Interest-bearing RALs are another option where lenders offer much larger loans. The catch? You pay more in interest and fees.
A refund anticipation check, or RAC, lets you put off paying for the tax-preparation service you use to file your taxes. Typically, you’ll agree to pay an additional fee to have the cost of tax preparation deducted from your refund amount. Once the IRS issues your refund, the preparer deducts this fee and the cost of preparing your taxes and then gives the rest of the money to you.
Keep in mind that if you don’t have the money to use a paid tax service, you may be able to file completely for free without worrying about any of these fees.

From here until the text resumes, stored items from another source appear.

lemma adjacent_image_descent_iff:
  assumes "\<pi> \<in> signed_perms n" "adjacent_image i j \<pi>"
  shows "inv \<pi> (j + 1) < inv \<pi> j \<longleftrightarrow> \<pi> (i + 1) < \<pi> i"
proof -
  note inv_eq = inv_signed_perm_eq_iff[OF assms(1)]
  have inv_neg: "inv \<pi> x = - y" if "\<pi> y = - x" for x y
    using that inv_eq signed_perms_odd[OF assms(1)] by (metis minus_minus)
  show ?thesis
    using assms(2) unfolding adjacent_image_def doubleton_eq_iff
  proof (elim disjE conjE)
    assume "\<pi> i = j" "\<pi> (i + 1) = j + 1"
    then show ?thesis using inv_eq[of j i] inv_eq[of "j + 1" "i + 1"] by simp
  next
    assume "\<pi> i = j + 1" "\<pi> (i + 1) = j"
    then show ?thesis using inv_eq[of j "i + 1"] inv_eq[of "j + 1" i] by simp
  next
    assume "\<pi> i = - j" "\<pi> (i + 1) = - (j + 1)"
    then show ?thesis using inv_neg[of i j] inv_neg[of "i + 1" "j + 1"] by simp
  next
    assume "\<pi> i = - (j + 1)" "\<pi> (i + 1) = - j"
    then show ?thesis using inv_neg[of "i + 1" j] inv_neg[of i "j + 1"] by simp
  qed
qed

lemma adjacent_image_comp_simple_refl:
  assumes "\<pi> \<in> signed_perms n" "0 \<le> i"
  shows "adjacent_image i j (\<pi> \<circ> simple_refl i) \<longleftrightarrow> adjacent_image i j \<pi>"
proof (cases "i = 0")
  case True
  have "(\<pi> \<circ> simple_refl i) i = \<pi> i" "(\<pi> \<circ> simple_refl i) (i + 1) = - \<pi> (i + 1)"
    using True signed_perms_odd[OF assms(1), of 1] by (simp_all add: simple_refl_def signed_transp_def)
  then show ?thesis
    using True signed_perms_zero[OF assms(1)] unfolding adjacent_image_def doubleton_eq_iff by auto
next
  case False
  have "(\<pi> \<circ> simple_refl i) i = \<pi> (i + 1)" "(\<pi> \<circ> simple_refl i) (i + 1) = \<pi> i"
    using False by (simp_all add: simple_refl_def signed_transp_def)
  then show ?thesis
    unfolding adjacent_image_def by (simp add: insert_commute)
qed

section \<open>Counting with sign-reversing bijections\<close>

lemma sum_of_bool_flip:
  assumes "bij_betw \<sigma> S S" "\<And>x. x \<in> S \<Longrightarrow> A (\<sigma> x) \<longleftrightarrow> \<not> A x"
  shows "2 * (\<Sum>x\<in>S. of_bool (A x) :: real) = card S"
proof -
  have "(\<Sum>x\<in>S. of_bool (A x) :: real) = (\<Sum>x\<in>S. of_bool (A (\<sigma> x)))"
    by (rule sum.reindex_bij_betw[OF assms(1), symmetric])
  moreover have "(\<Sum>x\<in>S. of_bool (A x) + of_bool (A (\<sigma> x)) :: real) = (\<Sum>x\<in>S. 1)"
    by (rule sum.cong) (use assms(2) in auto)
  ultimately show ?thesis
    by (simp add: sum.distrib)
qed

lemma sum_of_bool_conj_flip:
  assumes "bij_betw \<sigma> S S"
    and "\<And>x. x \<in> S \<Longrightarrow> A (\<sigma> x) \<longleftrightarrow> \<not> A x"
    and "\<And>x. x \<in> S \<Longrightarrow> B (\<sigma> x) \<longleftrightarrow> (B x \<longleftrightarrow> \<not> E x)"
    and "\<And>x. x \<in> S \<Longrightarrow> E x \<Longrightarrow> B x \<longleftrightarrow> A x"
    and "\<And>x. x \<in> S \<Longrightarrow> E (\<sigma> x) \<longleftrightarrow> E x"
  shows "4 * (\<Sum>x\<in>S. of_bool (A x \<and> B x) :: real) = 2 * (\<Sum>x\<in>S. of_bool (B x)) + (\<Sum>x\<in>S. of_bool (E x))"
proof -
  have reindex: "(\<Sum>x\<in>S. f (\<sigma> x)) = sum f S" for f :: "_ \<Rightarrow> real"
    by (rule sum.reindex_bij_betw[OF assms(1)])
  have "(\<Sum>x\<in>S. of_bool (A x \<and> B x) + of_bool (A (\<sigma> x) \<and> B (\<sigma> x)) :: real)
      = (\<Sum>x\<in>S. of_bool (B x) + of_bool (E x \<and> \<not> B x))"
    by (rule sum.cong) (use assms(2-4) in auto)
  then have "2 * (\<Sum>x\<in>S. of_bool (A x \<and> B x) :: real)
      = (\<Sum>x\<in>S. of_bool (B x)) + (\<Sum>x\<in>S. of_bool (E x \<and> \<not> B x))"
    by (simp add: sum.distrib reindex[of "\<lambda>x. of_bool (A x \<and> B x)"])
  moreover have "(\<Sum>x\<in>S. of_bool (E x \<and> \<not> B x) + of_bool (E (\<sigma> x) \<and> \<not> B (\<sigma> x)) :: real)
      = (\<Sum>x\<in>S. of_bool (E x))"
    by (rule sum.cong) (use assms(3,5) in auto)
  then have "2 * (\<Sum>x\<in>S. of_bool (E x \<and> \<not> B x) :: real) = (\<Sum>x\<in>S. of_bool (E x))"
    by (simp add: sum.distrib reindex[of "\<lambda>x. of_bool (E x \<and> \<not> B x)"])
  ultimately show ?thesis
    by linarith
qed

lemma des_eq_sum: "real (des n \<pi>) = (\<Sum>i\<in>{0..<int n}. of_bool (\<pi> (i + 1) < \<pi> i))"
proof -
  have "{i \<in> {0..<int n}. \<pi> i > \<pi> (i + 1)} = {0..<int n} \<inter> {i. \<pi> (i + 1) < \<pi> i}"
    by auto
  then show ?thesis
    unfolding des_def by simp
qed

lemma sum_signed_perms_inv: "(\<Sum>\<pi>\<in>signed_perms n. f (inv \<pi>)) = (\<Sum>\<pi>\<in>signed_perms n. f \<pi>)"
proof -
  have "bij_betw inv (signed_perms n) (signed_perms n)"
    by (rule bij_betw_byWitness[where f' = inv])
      (auto simp: inv_in_signed_perms inv_inv_eq signed_perms_bij)
  then show ?thesis
    by (rule sum.reindex_bij_betw)
qed

lemma bij_betw_comp_simple_refl:
  assumes "0 \<le> i" "i < int n"
  shows "bij_betw (\<lambda>\<pi>. \<pi> \<circ> simple_refl i) (signed_perms n) (signed_perms n)"
  by (rule bij_betw_byWitness[where f' = "\<lambda>\<pi>. \<pi> \<circ> simple_refl i"])
    (auto simp: comp_in_signed_perms simple_refl_in_signed_perms assms fun_eq_iff
      simple_refl_involution)

lemma count_descent:
  assumes "0 \<le> i" "i < int n"
  shows "2 * (\<Sum>\<pi>\<in>signed_perms n. of_bool (\<pi> (i + 1) < \<pi> i) :: real) = card (signed_perms n)"
  by (rule sum_of_bool_flip[OF bij_betw_comp_simple_refl[OF assms]])
    (rule descent_comp_simple_refl[OF _ assms(1)])

lemma count_descent_pair:
  assumes "0 \<le> i" "i < int n" "0 \<le> j" "j < int n"
  shows "4 * (\<Sum>\<pi>\<in>signed_perms n. of_bool (\<pi> (i + 1) < \<pi> i \<and> inv \<pi> (j + 1) < inv \<pi> j) :: real)
    = card (signed_perms n) + (\<Sum>\<pi>\<in>signed_perms n. of_bool (adjacent_image i j \<pi>) :: real)"
proof -
  have "2 * (\<Sum>\<pi>\<in>signed_perms n. of_bool (inv \<pi> (j + 1) < inv \<pi> j) :: real) = card (signed_perms n)"
    using count_descent[OF assms(3,4)]
      sum_signed_perms_inv[where f = "\<lambda>\<pi>. of_bool (\<pi> (j + 1) < \<pi> j) :: real"] by simp
  moreover have "4 * (\<Sum>\<pi>\<in>signed_perms n. of_bool (\<pi> (i + 1) < \<pi> i \<and> inv \<pi> (j + 1) < inv \<pi> j) :: real)
    = 2 * (\<Sum>\<pi>\<in>signed_perms n. of_bool (inv \<pi> (j + 1) < inv \<pi> j))
      + (\<Sum>\<pi>\<in>signed_perms n. of_bool (adjacent_image i j \<pi>))"
  proof (rule sum_of_bool_conj_flip[OF bij_betw_comp_simple_refl[OF assms(1,2)]])
    fix \<pi> assume \<pi>: "\<pi> \<in> signed_perms n"
    show "(\<pi> \<circ> simple_refl i) (i + 1) < (\<pi> \<circ> simple_refl i) i \<longleftrightarrow> \<not> \<pi> (i + 1) < \<pi> i"
      by (rule descent_comp_simple_refl[OF \<pi> assms(1)])
    show "inv (\<pi> \<circ> simple_refl i) (j + 1) < inv (\<pi> \<circ> simple_refl i) j \<longleftrightarrow>
        (inv \<pi> (j + 1) < inv \<pi> j \<longleftrightarrow> \<not> adjacent_image i j \<pi>)"
      by (rule inv_descent_comp_simple_refl[OF \<pi> assms(1,2)])
    show "adjacent_image i j \<pi> \<Longrightarrow> inv \<pi> (j + 1) < inv \<pi> j \<longleftrightarrow> \<pi> (i + 1) < \<pi> i"
      by (rule adjacent_image_descent_iff[OF \<pi>])
    show "adjacent_image i j (\<pi> \<circ> simple_refl i) \<longleftrightarrow> adjacent_image i j \<pi>"
      by (rule adjacent_image_comp_simple_refl[OF \<pi> assms(1)])
  qed
  ultimately show ?thesis
    by simp
qed

section \<open>Uniform distribution of values\<close>

definition signed_letters :: "nat \<Rightarrow> int set" where
  "signed_letters n = {x. x \<noteq> 0 \<and> \<bar>x\<bar> \<le> int n}"

lemma finite_signed_letters: "finite (signed_letters n)"
  by (rule finite_subset[of _ "{- int n..int n}"]) (auto simp: signed_letters_def)

lemma card_signed_letters: "card (signed_letters n) = 2 * n"
proof -
  have "signed_letters n = {- int n..-1} \<union> {1..int n}"
    by (auto simp: signed_letters_def)
  moreover have "card ({- int n..-1} \<union> {1..int n}) = n + n"
    by (subst card_Un_disjoint) auto
  ultimately show ?thesis
    by simp
qed

lemma signed_perms_signed_letters:
  "\<pi> \<in> signed_perms n \<Longrightarrow> x \<in> signed_letters n \<Longrightarrow> \<pi> x \<in> signed_letters n"
  unfolding signed_letters_def using signed_perms_abs_le signed_perms_eq_zero_iff by blast

lemma card_signed_perms_left_comp:
  assumes "\<tau> \<in> signed_perms n" "\<tau>' \<in> signed_perms n" "\<And>x. \<tau>' (\<tau> x) = x" "\<And>x. \<tau> (\<tau>' x) = x"
    and "\<And>\<pi>. \<pi> \<in> signed_perms n \<Longrightarrow> Q (\<tau> \<circ> \<pi>) \<longleftrightarrow> P \<pi>"
  shows "card {\<pi> \<in> signed_perms n. P \<pi>} = card {\<pi> \<in> signed_perms n. Q \<pi>}"
proof (rule bij_betw_same_card[of "\<lambda>\<pi>. \<tau> \<circ> \<pi>"], rule bij_betw_byWitness[where f' = "\<lambda>\<pi>. \<tau>' \<circ> \<pi>"])
  have left_inv: "\<tau>' \<circ> (\<tau> \<circ> \<pi>) = \<pi>" and right_inv: "\<tau> \<circ> (\<tau>' \<circ> \<pi>) = \<pi>" for \<pi>
    using assms(3,4) by (simp_all add: fun_eq_iff)
  then show "\<forall>\<pi>\<in>{\<pi> \<in> signed_perms n. P \<pi>}. \<tau>' \<circ> (\<tau> \<circ> \<pi>) = \<pi>"
    and "\<forall>\<pi>\<in>{\<pi> \<in> signed_perms n. Q \<pi>}. \<tau> \<circ> (\<tau>' \<circ> \<pi>) = \<pi>"
    by blast+
  show "(\<circ>) \<tau> ` {\<pi> \<in> signed_perms n. P \<pi>} \<subseteq> {\<pi> \<in> signed_perms n. Q \<pi>}"
    using assms(5) comp_in_signed_perms[OF assms(1)] by auto
  show "(\<circ>) \<tau>' ` {\<pi> \<in> signed_perms n. Q \<pi>} \<subseteq> {\<pi> \<in> signed_perms n. P \<pi>}"
    using assms(5)[OF comp_in_signed_perms[OF assms(2)]] comp_in_signed_perms[OF assms(2)]
    by (auto simp: right_inv)
qed

lemma card_signed_perms_value_eq:
  assumes "v \<in> signed_letters n" "v' \<in> signed_letters n"
  shows "card {\<pi> \<in> signed_perms n. \<pi> p = v} = card {\<pi> \<in> signed_perms n. \<pi> p = v'}"
proof -
  let ?\<tau> = "signed_transp v v'"
  have \<tau>: "?\<tau> \<in> signed_perms n" "?\<tau> (?\<tau> x) = x" for x
    using assms by (auto intro!: signed_transp_in_signed_perms signed_transp_involution
        simp: signed_letters_def)
  have \<tau>_v: "?\<tau> v = v'"
    using assms by (simp add: signed_letters_def signed_transp_def)
  show ?thesis
  proof (rule card_signed_perms_left_comp[of ?\<tau> n ?\<tau>])
    fix \<pi>
    show "(?\<tau> \<circ> \<pi>) p = v' \<longleftrightarrow> \<pi> p = v"
      using \<tau>(2)[of "\<pi> p"] \<tau>(2)[of v] \<tau>_v by auto
  qed (use \<tau> in auto)
qed

lemma card_signed_perms_values_eq:
  assumes "v \<in> signed_letters n" "w \<in> signed_letters n" "\<bar>v\<bar> \<noteq> \<bar>w\<bar>"
    and "v' \<in> signed_letters n" "w' \<in> signed_letters n" "\<bar>v'\<bar> \<noteq> \<bar>w'\<bar>"
  shows "card {\<pi> \<in> signed_perms n. \<pi> p = v \<and> \<pi> q = w} = card {\<pi> \<in> signed_perms n. \<pi> p = v' \<and> \<pi> q = w'}"
proof -
  let ?\<tau>\<^sub>1 = "signed_transp v v'"
  define u where "u = ?\<tau>\<^sub>1 w"
  let ?\<tau>\<^sub>2 = "signed_transp u w'"
  have nonzero: "v \<noteq> 0" "w \<noteq> 0" "v' \<noteq> 0" "w' \<noteq> 0"
    using assms by (auto simp: signed_letters_def)
  have \<tau>\<^sub>1: "?\<tau>\<^sub>1 \<in> signed_perms n" "?\<tau>\<^sub>1 (?\<tau>\<^sub>1 x) = x" for x
    using assms by (auto intro!: signed_transp_in_signed_perms signed_transp_involution
        simp: signed_letters_def)
  have u: "u \<in> signed_letters n" "\<bar>u\<bar> \<noteq> \<bar>v'\<bar>"
    using signed_perms_signed_letters[OF \<tau>\<^sub>1(1) assms(2)] assms(3) nonzero
    by (auto simp: u_def signed_transp_def)
  have \<tau>\<^sub>2: "?\<tau>\<^sub>2 \<in> signed_perms n" "?\<tau>\<^sub>2 (?\<tau>\<^sub>2 x) = x" for x
    using assms u by (auto intro!: signed_transp_in_signed_perms signed_transp_involution
        simp: signed_letters_def)
  let ?\<tau> = "?\<tau>\<^sub>2 \<circ> ?\<tau>\<^sub>1" and ?\<tau>' = "?\<tau>\<^sub>1 \<circ> ?\<tau>\<^sub>2"
  have \<tau>_v: "?\<tau> v = v'"
    using u(2) assms(6) nonzero by (auto simp: signed_transp_def)
  have \<tau>_w: "?\<tau> w = w'"
    using u by (auto simp: u_def signed_transp_def signed_letters_def)
  have \<tau>_inj: "?\<tau> x = ?\<tau> y \<longleftrightarrow> x = y" for x y
    by (metis \<tau>\<^sub>1(2) \<tau>\<^sub>2(2) comp_apply)
  show ?thesis
  proof (rule card_signed_perms_left_comp[of ?\<tau> n ?\<tau>'])
    fix \<pi>
    show "(?\<tau> \<circ> \<pi>) p = v' \<and> (?\<tau> \<circ> \<pi>) q = w' \<longleftrightarrow> \<pi> p = v \<and> \<pi> q = w"
      using \<tau>_inj[of "\<pi> p" v] \<tau>_inj[of "\<pi> q" w] \<tau>_v \<tau>_w by (simp only: o_apply)
  qed (auto simp: comp_in_signed_perms \<tau>\<^sub>1 \<tau>\<^sub>2)
qed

It’s not always clearly explained, but both refund advance loans and refund anticipation checks usually involve a temporary bank account being set up in your name, which is how the preparer takes out their portion of your refund.
Before agreeing to use a tax-preparation service in exchange for an advance, read the terms carefully and make sure you understand the total cost to you.
About this guide: ProPublica has reported on the IRS, the Free File program and other tax topics for years. ProPublica’s tax guide is not personalized tax advice. Speak to a tax professional about your specific tax situation.